(Dataset entries)
== == ==

(* Let $b\ge2$ be an integer, $0<\alpha<\tfrac12$, and let $\Phi=\Phi^{\alpha,b}_{\mathcal{G}}\colon\mathbb{S}^1\to\mathbb{R}^d$ be an $\alpha$-bi-Hölder Weierstrass embedding. Let $W\in\mathcal{W}^{\alpha,b}$. Then for $\mathcal{L}^d$-almost every $\mathbf{t}\in\mathbb{R}^d$, the occupation measure $\lambda_{\mathbf{t}}=(W_{\mathbf{t}})_*\mathcal{L}^1$ of $W_{\mathbf{t}}(x)=W(x)+\langle\mathbf{t},\Phi(x)\rangle$ is absolutely continuous with respect to Lebesgue measure, with a bounded and continuous density.
   Context: $\mathbb{S}^1$ is identified with $\mathbb{R}/\mathbb{Z}$, i.e. with $[0,1)$ carrying Lebesgue measure $\mathcal{L}^1$. For an integer $b\ge2$, $0<\alpha<1$ and a Lipschitz $g\colon\mathbb{S}^1\to\mathbb{R}$, $W_g^{\alpha,b}(x)=\sum_{k=0}^\infty b^{-\alpha k}g(b^kx)$; $\mathcal{W}^{\alpha,b}$ is the family of all such functions. For $\mathcal{G}=\{g_0,\dots,g_{d-1}\}$ Lipschitz on $\mathbb{S}^1$, $\Phi^{\alpha,b}_{\mathcal{G}}(x)=(W^{\alpha,b}_{g_0}(x),\dots,W^{\alpha,b}_{g_{d-1}}(x))$. $\Phi$ is $\alpha$-bi-Hölder if $c_1|x-y|^\alpha\le\|\Phi(x)-\Phi(y)\|\le c_2|x-y|^\alpha$ for all $x,y$, with constants $c_1,c_2>0$ and $\|\cdot\|$ the $\ell^\infty$ norm. *)

theory Defs
  imports "HOL-Analysis.Analysis"
begin

text \<open>The circle S^1 = R/Z is modelled by 1-periodic functions on the reals;
  points of S^1 are represented by reals, with the quotient (circle) distance.\<close>

definition periodic1 :: "(real \<Rightarrow> 'a) \<Rightarrow> bool" where
  "periodic1 g \<longleftrightarrow> (\<forall>x. g (x + 1) = g x)"

text \<open>A Lipschitz function on S^1 (for 1-periodic functions, Lipschitz for the
  circle distance is the same as Lipschitz on the reals).\<close>
definition lipschitz_S1 :: "(real \<Rightarrow> real) \<Rightarrow> bool" where
  "lipschitz_S1 g \<longleftrightarrow> periodic1 g \<and> (\<exists>C. C-lipschitz_on UNIV g)"

definition dist_S1 :: "real \<Rightarrow> real \<Rightarrow> real" where
  "dist_S1 x y = min (frac (x - y)) (1 - frac (x - y))"

definition weierstrass :: "real \<Rightarrow> nat \<Rightarrow> (real \<Rightarrow> real) \<Rightarrow> real \<Rightarrow> real" where
  "weierstrass \<alpha> b g x = (\<Sum>k. (real b) powr (- \<alpha> * real k) * g ((real b) ^ k * x))"

text \<open>The vector-valued Weierstrass map Phi_G = (W_{g_0}, ..., W_{g_{d-1}}),
  with the coordinates indexed by a finite type 'd (so d = CARD('d)).\<close>
definition weierstrass_map ::
    "real \<Rightarrow> nat \<Rightarrow> ('d::finite \<Rightarrow> real \<Rightarrow> real) \<Rightarrow> real \<Rightarrow> real ^ 'd" where
  "weierstrass_map \<alpha> b G x = (\<chi> i. weierstrass \<alpha> b (G i) x)"

definition linf_norm :: "real ^ 'd::finite \<Rightarrow> real" where
  "linf_norm v = Max (range (\<lambda>i. \<bar>v $ i\<bar>))"

definition bi_holder :: "real \<Rightarrow> (real \<Rightarrow> real ^ 'd::finite) \<Rightarrow> bool" where
  "bi_holder \<alpha> \<Phi> \<longleftrightarrow> (\<exists>c1 c2. c1 > 0 \<and> c2 > 0 \<and>
     (\<forall>x y. c1 * dist_S1 x y powr \<alpha> \<le> linf_norm (\<Phi> x - \<Phi> y) \<and>
            linf_norm (\<Phi> x - \<Phi> y) \<le> c2 * dist_S1 x y powr \<alpha>))"

end

theory Submission
  imports Defs "HOL-Probability.Probability"
begin

text \<open>
  Randomise \<open>t\<close> by the standard Gaussian measure \<open>\<gamma>\<close> on \<open>\<real>\<^sup>d\<close> and let
  \<open>\<phi>\<^sub>t(\<xi>) = \<integral>\<^sub>0\<^sup>1 exp(i\<xi>(W(x) + \<langle>t, \<Phi>(x)\<rangle>)) dx\<close> be the characteristic function of the
  occupation measure. Jensen's inequality, Fubini and the Gaussian characteristic function give
  \<open>(\<integral>|\<phi>\<^sub>t(\<xi>)| d\<gamma>(t))\<^sup>2 \<le> \<integral>\<integral> exp(-\<xi>\<^sup>2 |\<Phi>(x) - \<Phi>(y)|\<^sup>2 / 2) dx dy\<close>, and the lower
  Hoelder bound \<open>|\<Phi>(x) - \<Phi>(y)| \<ge> c d(x,y)\<^sup>\<alpha>\<close> makes the right-hand side \<open>O(|\<xi>|^(-2q))\<close>
  for every \<open>q\<close> with \<open>2\<alpha>q < 1\<close>. Since \<open>\<alpha> < 1/2\<close> one may take \<open>q > 1\<close>, so that
  \<open>\<integral>\<integral>|\<phi>\<^sub>t(\<xi>)| d\<xi> d\<gamma>(t) < \<infinity>\<close>: for almost every \<open>t\<close> the function \<open>\<phi>\<^sub>t\<close> is integrable,
  and Fourier inversion gives the occupation measure a bounded continuous density.
  Only measurability of \<open>W\<close> and \<open>\<Phi>\<close> and the lower Hoelder bound enter.
\<close>

section \<open>Fourier inversion for integrable characteristic functions\<close>

lemma integrable_indicator_Ioo_continuous:
  fixes f :: "real \<Rightarrow> 'a::{banach, second_countable_topology}"
  assumes "continuous_on UNIV f"
  shows "integrable lborel (\<lambda>s. indicator {a<..<b} s *\<^sub>R f s)"
proof -
  have "integrable lborel (\<lambda>s. indicator {a<..<b} s *\<^sub>R (indicator {a..b} s *\<^sub>R f s))"
    using borel_integrable_compact[of "{a..b}" f] assms
    by (intro integrable_mult_indicator[where f="\<lambda>s. indicator {a..b} s *\<^sub>R f s"])
       (auto intro: continuous_on_subset)
  moreover have "(\<lambda>s. indicator {a<..<b} s *\<^sub>R (indicator {a..b} s *\<^sub>R f s)) =
      (\<lambda>s. indicator {a<..<b} s *\<^sub>R f s)"
    by (auto split: split_indicator)
  ultimately show ?thesis by simp
qed

lemma measure_eqI_Ioc:
  fixes M N :: "real measure"
  assumes sets: "sets M = sets borel" "sets N = sets borel"
    and fin: "\<And>a b. emeasure M {a<..b} < \<infinity>"
    and eq: "\<And>a b. a \<le> b \<Longrightarrow> emeasure M {a<..b} = emeasure N {a<..b}"
  shows "M = N"
proof (rule measure_eqI_generator_eq[where \<Omega>=UNIV and E="range (\<lambda>(a, b). {a<..b})"
      and A="\<lambda>i. {- real i<..real i}"])
  fix X assume "X \<in> range (\<lambda>(a, b). {a<..b::real})"
  then obtain a b where X: "X = {a<..b}" by auto
  then show "emeasure M X = emeasure N X"
    using eq by (cases "a \<le> b") auto
next
  show "sets M = sigma_sets UNIV (range (\<lambda>(a, b). {a<..b::real}))"
    "sets N = sigma_sets UNIV (range (\<lambda>(a, b). {a<..b::real}))"
    unfolding sets borel_sigma_sets_Ioc by simp_all
next
  show "emeasure M {- real i<..real i} \<noteq> \<infinity>" for i
    using fin[of "- real i" "real i"] by simp
qed (auto simp: Int_stable_def UN_Ioc_eq_UNIV)

lemma continuous_nonneg_if_Ioo_integrals_nonneg:
  fixes f :: "real \<Rightarrow> real"
  assumes cont: "continuous_on UNIV f"
    and nonneg: "\<And>a b. a \<le> b \<Longrightarrow> 0 \<le> (LINT x|lborel. indicator {a<..<b} x * f x)"
  shows "0 \<le> f s"
proof (rule ccontr)
  assume "\<not> 0 \<le> f s"
  then have fs: "f s < 0" by simp
  then obtain d where d: "d > 0" "\<And>y. dist y s < d \<Longrightarrow> dist (f y) (f s) < - f s / 2"
    using cont unfolding continuous_on_iff by (metis UNIV_I neg_0_less_iff_less half_gt_zero)
  define a where "a = s - d"
  have "(LINT x|lborel. indicator {a<..<s} x * f x) \<le> (LINT x|lborel. indicator {a<..<s} x * (f s / 2))"
  proof (rule integral_mono)
    show "integrable lborel (\<lambda>x. indicator {a<..<s} x * f x)"
      using integrable_indicator_Ioo_continuous[OF cont] by simp
    show "indicator {a<..<s} x * f x \<le> indicator {a<..<s} x * (f s / 2)" for x
      using d(2)[of x] by (auto simp: a_def dist_real_def split: split_indicator)
    show "integrable lborel (\<lambda>x. indicator {a<..<s} x * (f s / 2))"
      using integrable_indicator_Ioo_continuous[of "\<lambda>_. f s / 2"] by simp
  qed
  also have "\<dots> = f s / 2 * d"
    using d by (simp add: a_def)
  also have "\<dots> < 0"
    using fs d by (simp add: mult_neg_pos)
  finally show False
    using nonneg[of a s] d by (simp add: a_def)
qed

lemma (in real_distribution) measure_singleton_eq_0_if_Ioc_bound:
  assumes bound: "\<And>a b. a \<le> b \<Longrightarrow> measure M {a} = 0 \<Longrightarrow> measure M {b} = 0 \<Longrightarrow>
      measure M {a<..b} \<le> B * (b - a)"
  shows "measure M {c} = 0"
proof -
  have le: "measure M {c} \<le> 2 * \<bar>B\<bar> * e" if e: "e > 0" for e
  proof -
    let ?A = "{x. measure M {x} \<noteq> 0}"
    have "countable ?A" by (rule countable_support)
    then obtain a b where a: "a \<in> {c - e<..<c}" "a \<notin> ?A" and b: "b \<in> {c<..<c + e}" "b \<notin> ?A"
      using open_minus_countable[of ?A "{c - e<..<c}"] open_minus_countable[of ?A "{c<..<c + e}"] e
      by auto
    have "measure M {c} \<le> measure M {a<..b}"
      using a b by (intro finite_measure_mono) auto
    also have "\<dots> \<le> B * (b - a)"
      using a b by (intro bound) auto
    also have "\<dots> \<le> \<bar>B\<bar> * (b - a)"
      using a b by (intro mult_right_mono) auto
    also have "\<dots> \<le> \<bar>B\<bar> * (2 * e)"
      using a b by (intro mult_left_mono) auto
    finally show ?thesis by simp
  qed
  have "measure M {c} \<le> 0"
  proof (rule field_le_epsilon)
    fix e :: real assume "0 < e"
    then have "measure M {c} \<le> 2 * \<bar>B\<bar> * (e / (2 * \<bar>B\<bar> + 1))"
      by (intro le) (simp add: pos_add_strict)
    also have "\<dots> \<le> e"
      using \<open>0 < e\<close> by (simp add: field_simps)
    finally show "measure M {c} \<le> 0 + e" by simp
  qed
  then show ?thesis
    using measure_nonneg[of M "{c}"] by linarith
qed

definition inv_fourier :: "(real \<Rightarrow> complex) \<Rightarrow> real \<Rightarrow> complex" where
  "inv_fourier \<phi> s = (CLINT \<xi>|lborel. iexp (-(\<xi> * s)) * \<phi> \<xi>) / (2 * pi)"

== == ==

Extract the lines above from the one containing "using \<open>0 <" to the last line, both included, exactly as written.

(Response area):
      using \<open>0 < e\<close> by (simp add: field_simps)
    finally show "measure M {c} \<le> 0 + e" by simp
  qed
  then show ?thesis
    using measure_nonneg[of M "{c}"] by linarith
qed

definition inv_fourier :: "(real \<Rightarrow> complex) \<Rightarrow> real \<Rightarrow> complex" where
  "inv_fourier \<phi> s = (CLINT \<xi>|lborel. iexp (-(\<xi> * s)) * \<phi> \<xi>) / (2 * pi)"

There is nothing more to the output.